» **WHAT YOU SHOULD DO**: Stop after the line that contains "Banach spaces. *)"; until then, restate each line of the entries word for word from the very first.

Collection entries
(* Let $\beta>0$, $0<\alpha<1$, let $n$ be a positive integer, $g\in H(\mathbb{D})$, and $I_g^{n,0}f=I^n(fg)$. Then the following are equivalent: (i) $I_g^{n,0}:\mathcal{B}^{\alpha}\to\mathcal{B}^{\beta}$ is bounded; (ii) $I_g^{n,0}:\mathcal{B}^{\alpha}\to\mathcal{B}^{\beta}$ is compact; (iii) $\sup_{z\in\mathbb{D}}(1-|z|^2)^{n+\beta-1}|g(z)|<\infty$.
   Context: $\mathbb{D}$ is the open unit disc in $\mathbb{C}$ and $H(\mathbb{D})$ the space of analytic functions on $\mathbb{D}$. For $\gamma>0$, $\mathcal{B}^{\gamma}$ is the Banach space of $f\in H(\mathbb{D})$ with $\|f\|_{\mathcal{B}^{\gamma}}=|f(0)|+\sup_{z\in\mathbb{D}}(1-|z|^2)^{\gamma}|f'(z)|<\infty$. $I$ is the integration operator $If(z)=\int_0^z f(\zeta)\,d\zeta$ and $I^n$ its $n$th iterate. An operator is bounded (compact) from $\mathcal{B}^\alpha$ to $\mathcal{B}^\beta$ if it maps $\mathcal{B}^\alpha$ into $\mathcal{B}^\beta$ and is bounded (compact) as a linear operator between these Banach spaces. *)

theory Defs
  imports "HOL-Complex_Analysis.Complex_Analysis"
begin

definition bloch_space :: "real \<Rightarrow> (complex \<Rightarrow> complex) set" where
  "bloch_space \<gamma> = {f. f holomorphic_on ball 0 1 \<and>
     bdd_above ((\<lambda>z. (1 - (cmod z)\<^sup>2) powr \<gamma> * cmod (deriv f z)) ` ball 0 1)}"

definition bloch_norm :: "real \<Rightarrow> (complex \<Rightarrow> complex) \<Rightarrow> real" where
  "bloch_norm \<gamma> f = cmod (f 0) +
     (SUP z\<in>ball 0 1. (1 - (cmod z)\<^sup>2) powr \<gamma> * cmod (deriv f z))"

definition intop :: "(complex \<Rightarrow> complex) \<Rightarrow> complex \<Rightarrow> complex" where
  "intop f z = contour_integral (linepath 0 z) f"

definition bounded_op_bloch ::
  "((complex \<Rightarrow> complex) \<Rightarrow> (complex \<Rightarrow> complex)) \<Rightarrow> real \<Rightarrow> real \<Rightarrow> bool" where
  "bounded_op_bloch T \<alpha> \<beta> \<longleftrightarrow>
     (\<forall>f\<in>bloch_space \<alpha>. T f \<in> bloch_space \<beta>) \<and>
     (\<exists>C. \<forall>f\<in>bloch_space \<alpha>. bloch_norm \<beta> (T f) \<le> C * bloch_norm \<alpha> f)"

definition compact_op_bloch ::
  "((complex \<Rightarrow> complex) \<Rightarrow> (complex \<Rightarrow> complex)) \<Rightarrow> real \<Rightarrow> real \<Rightarrow> bool" where
  "compact_op_bloch T \<alpha> \<beta> \<longleftrightarrow>
     (\<forall>f\<in>bloch_space \<alpha>. T f \<in> bloch_space \<beta>) \<and>
     (\<forall>F::nat \<Rightarrow> complex \<Rightarrow> complex.
        (\<forall>k. F k \<in> bloch_space \<alpha>) \<and> (\<exists>M. \<forall>k. bloch_norm \<alpha> (F k) \<le> M) \<longrightarrow>
        (\<exists>r h. strict_mono r \<and> h \<in> bloch_space \<beta> \<and>
           (\<lambda>k. bloch_norm \<beta> (\<lambda>z. T (F (r k)) z - h z)) \<longlonglongrightarrow> 0))"

end

theory Submission
  imports Defs
begin

text \<open>
  For 0 < \<alpha> < 1 every f in B^\<alpha> is bounded by ||f|| / (1 - \<alpha>) and is uniformly Holder
  continuous along radii: |f z - f (a z)| <= ||f|| (1 - a)^(1 - \<alpha>) / (1 - \<alpha>).
  Since (I^n (f g))' = I^(n-1) (f g), and one integration turns a weighted bound
  (1 - |z|^2)^\<gamma> |h z| <= K with \<gamma> > 1 into one with exponent \<gamma> - 1, condition (iii) makes
  u \<mapsto> I^n (u g) bounded from the sup norm into B^\<beta>. By Montel's theorem and the radial
  Holder estimate a bounded sequence in B^\<alpha> has a subsequence converging uniformly on the
  whole disc, so the operator is even compact. Conversely, boundedness gives I^n g = T 1 in B^\<beta>,
  and n - 1 Cauchy estimates, each raising the exponent by one, give (iii).
\<close>

definition weighted_sup_le :: "real \<Rightarrow> (complex \<Rightarrow> complex) \<Rightarrow> real \<Rightarrow> bool" where
  "weighted_sup_le \<gamma> h K \<longleftrightarrow> (\<forall>z\<in>ball 0 1. (1 - (cmod z)\<^sup>2) powr \<gamma> * cmod (h z) \<le> K)"

lemma bdd_above_weighted_iff:
  "bdd_above ((\<lambda>z. (1 - (cmod z)\<^sup>2) powr \<gamma> * cmod (h z)) ` ball 0 1) \<longleftrightarrow> (\<exists>K. weighted_sup_le \<gamma> h K)"
  by (auto simp: bdd_above_def weighted_sup_le_def)

lemma weighted_sup_le_nonneg: "weighted_sup_le \<gamma> h K \<Longrightarrow> 0 \<le> K"
  unfolding weighted_sup_le_def
  by (metis centre_in_ball norm_ge_zero order_trans zero_le_mult_iff powr_ge_zero zero_less_one)

lemma weighted_sup_le_cong:
  "(\<And>z. z \<in> ball 0 1 \<Longrightarrow> h z = h' z) \<Longrightarrow> weighted_sup_le \<gamma> h K \<longleftrightarrow> weighted_sup_le \<gamma> h' K"
  by (simp add: weighted_sup_le_def)

lemma norm_le_if_weighted_sup_le:
  assumes "weighted_sup_le \<gamma> h K" and "0 \<le> \<gamma>" and z: "z \<in> ball 0 1"
  shows "cmod (h z) \<le> K / (1 - cmod z) powr \<gamma>"
proof -
  have "1 - cmod z \<le> 1 - (cmod z)\<^sup>2"
    using z by (simp add: power2_eq_square mult_left_le_one_le)
  then have "(1 - cmod z) powr \<gamma> * cmod (h z) \<le> (1 - (cmod z)\<^sup>2) powr \<gamma> * cmod (h z)"
    using z \<open>0 \<le> \<gamma>\<close> by (intro mult_right_mono powr_mono2) auto
  also have "\<dots> \<le> K"
    using assms z by (simp add: weighted_sup_le_def)
  finally show ?thesis
    using z by (simp add: field_simps)
qed

lemma weighted_sup_le_mult_bounded:
  assumes "weighted_sup_le \<gamma> g K" and B: "\<And>z. z \<in> ball 0 1 \<Longrightarrow> cmod (u z) \<le> B"
  shows "weighted_sup_le \<gamma> (\<lambda>z. u z * g z) (B * K)"
  unfolding weighted_sup_le_def
proof
  fix z :: complex assume z: "z \<in> ball 0 1"
  have "0 \<le> B"
    using order_trans[OF norm_ge_zero B[of 0]] by simp
  have "(1 - (cmod z)\<^sup>2) powr \<gamma> * cmod (u z * g z) = cmod (u z) * ((1 - (cmod z)\<^sup>2) powr \<gamma> * cmod (g z))"
    by (simp add: norm_mult mult_ac)
  also have "\<dots> \<le> B * K"
    using B[OF z] assms(1) z \<open>0 \<le> B\<close> by (intro mult_mono) (auto simp: weighted_sup_le_def)
  finally show "(1 - (cmod z)\<^sup>2) powr \<gamma> * cmod (u z * g z) \<le> B * K" .
qed

lemma bloch_space_iff:
  "f \<in> bloch_space \<gamma> \<longleftrightarrow> f holomorphic_on ball 0 1 \<and> (\<exists>K. weighted_sup_le \<gamma> (deriv f) K)"
  by (simp add: bloch_space_def bdd_above_weighted_iff)

lemma weighted_sup_le_bloch_norm:
  assumes "f \<in> bloch_space \<gamma>"
  shows "weighted_sup_le \<gamma> (deriv f) (bloch_norm \<gamma> f - cmod (f 0))"
  using assms unfolding bloch_space_def bloch_norm_def weighted_sup_le_def
  by (auto intro: cSUP_upper)

lemma bloch_norm_le:
  assumes "weighted_sup_le \<gamma> (deriv f) K"
  shows "bloch_norm \<gamma> f \<le> cmod (f 0) + K"
  using assms unfolding bloch_norm_def weighted_sup_le_def
  by (auto intro: cSUP_least)

lemma bloch_norm_nonneg: "f \<in> bloch_space \<gamma> \<Longrightarrow> 0 \<le> bloch_norm \<gamma> f"
  using weighted_sup_le_nonneg[OF weighted_sup_le_bloch_norm] by (smt (verit) norm_ge_zero)

lemma bloch_norm_cong:
  assumes "\<And>z. z \<in> ball 0 1 \<Longrightarrow> f z = f' z"
  shows "bloch_norm \<gamma> f = bloch_norm \<gamma> f'"
proof -
  have "deriv f z = deriv f' z" if "z \<in> ball 0 1" for z
    using that assms by (intro deriv_cong_ev) (auto simp: eventually_nhds intro!: exI[of _ "ball 0 1"])
  then show ?thesis
    using assms by (simp add: bloch_norm_def)
qed

lemma constant_in_bloch_space: "(\<lambda>_. c) \<in> bloch_space \<gamma>"
  by (auto simp: bloch_space_iff weighted_sup_le_def)

lemma intop_0 [simp]: "intop h 0 = 0"
  by (simp add: intop_def)

context
  fixes S :: "complex set"
  assumes S: "open S" "convex S" "0 \<in> S"
begin

lemma intop_has_field_derivative:
  assumes h: "h holomorphic_on S" and z: "z \<in> S"
  shows "(intop h has_field_derivative h z) (at z)"
proof -
  have "(intop h has_field_derivative h z) (at z within S)"
    unfolding intop_def
  proof (rule triangle_contour_integrals_convex_primitive[where S=S])
    show "continuous_on S h"
      using h holomorphic_on_imp_continuous_on by blast
    fix b c assume "b \<in> S" "c \<in> S"
    then have "path_image (linepath 0 b +++ linepath b c +++ linepath c 0) \<subseteq> S"
      using S convex_contains_segment by (auto simp: path_image_join)
    then have "(h has_contour_integral 0) (linepath 0 b +++ linepath b c +++ linepath c 0)"
      by (intro Cauchy_theorem_convex_simple[OF h S(2)]) auto
    then show "contour_integral (linepath 0 b) h + contour_integral (linepath b c) h
                 + contour_integral (linepath c 0) h = 0"
      by (rule has_chain_integral_chain_integral3)
  qed (use S z in auto)
  then show ?thesis
    using at_within_open[OF z S(1)] by simp
qed

lemma holomorphic_on_intop: "h holomorphic_on S \<Longrightarrow> intop h holomorphic_on S"
  using intop_has_field_derivative holomorphic_on_open S(1) by blast

lemma deriv_intop: "h holomorphic_on S \<Longrightarrow> z \<in> S \<Longrightarrow> deriv (intop h) z = h z"
  using intop_has_field_derivative DERIV_imp_deriv by blast

lemma holomorphic_on_funpow_intop: "h holomorphic_on S \<Longrightarrow> (intop ^^ k) h holomorphic_on S"
  by (induction k) (auto intro: holomorphic_on_intop)

lemma deriv_funpow_intop_Suc:
  "h holomorphic_on S \<Longrightarrow> z \<in> S \<Longrightarrow> deriv ((intop ^^ Suc m) h) z = (intop ^^ m) h z"
  using deriv_intop[OF holomorphic_on_funpow_intop] by simp

lemma intop_cong:
  assumes "\<And>w. w \<in> S \<Longrightarrow> h w = h' w" and "z \<in> S"
  shows "intop h z = intop h' z"
proof -
  have "closed_segment 0 z \<subseteq> S"
    using S assms(2) convex_contains_segment by blast
  then show ?thesis
    unfolding intop_def using assms(1) by (intro contour_integral_eq) auto
qed

lemma intop_diff:
  assumes "h holomorphic_on S" "h' holomorphic_on S" and "z \<in> S"
  shows "intop (\<lambda>w. h w - h' w) z = intop h z - intop h' z"
proof -
  have "closed_segment 0 z \<subseteq> S"
    using S assms(3) convex_contains_segment by blast
  then have "h contour_integrable_on linepath 0 z" "h' contour_integrable_on linepath 0 z"
    using assms by (auto intro!: contour_integrable_continuous_linepath
        intro: continuous_on_subset holomorphic_on_imp_continuous_on)
  then show ?thesis
    unfolding intop_def by (rule contour_integral_diff)
qed

lemma funpow_intop_diff:
  assumes "h holomorphic_on S" "h' holomorphic_on S"
  shows "z \<in> S \<Longrightarrow> (intop ^^ k) (\<lambda>w. h w - h' w) z = (intop ^^ k) h z - (intop ^^ k) h' z"
proof (induction k arbitrary: z)
  case (Suc k)
  have "(intop ^^ Suc k) (\<lambda>w. h w - h' w) z = intop (\<lambda>w. (intop ^^ k) h w - (intop ^^ k) h' w) z"
    using Suc by (simp only: funpow.simps o_apply) (rule intop_cong; simp)
  also have "\<dots> = (intop ^^ Suc k) h z - (intop ^^ Suc k) h' z"
    using Suc.prems assms by (simp add: intop_diff holomorphic_on_funpow_intop)
  finally show ?case .
qed simp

» **TASK RESULT**:
(* Let $\beta>0$, $0<\alpha<1$, let $n$ be a positive integer, $g\in H(\mathbb{D})$, and $I_g^{n,0}f=I^n(fg)$. Then the following are equivalent: (i) $I_g^{n,0}:\mathcal{B}^{\alpha}\to\mathcal{B}^{\beta}$ is bounded; (ii) $I_g^{n,0}:\mathcal{B}^{\alpha}\to\mathcal{B}^{\beta}$ is compact; (iii) $\sup_{z\in\mathbb{D}}(1-|z|^2)^{n+\beta-1}|g(z)|<\infty$.
   Context: $\mathbb{D}$ is the open unit disc in $\mathbb{C}$ and $H(\mathbb{D})$ the space of analytic functions on $\mathbb{D}$. For $\gamma>0$, $\mathcal{B}^{\gamma}$ is the Banach space of $f\in H(\mathbb{D})$ with $\|f\|_{\mathcal{B}^{\gamma}}=|f(0)|+\sup_{z\in\mathbb{D}}(1-|z|^2)^{\gamma}|f'(z)|<\infty$. $I$ is the integration operator $If(z)=\int_0^z f(\zeta)\,d\zeta$ and $I^n$ its $n$th iterate. An operator is bounded (compact) from $\mathcal{B}^\alpha$ to $\mathcal{B}^\beta$ if it maps $\mathcal{B}^\alpha$ into $\mathcal{B}^\beta$ and is bounded (compact) as a linear operator between these Banach spaces. *)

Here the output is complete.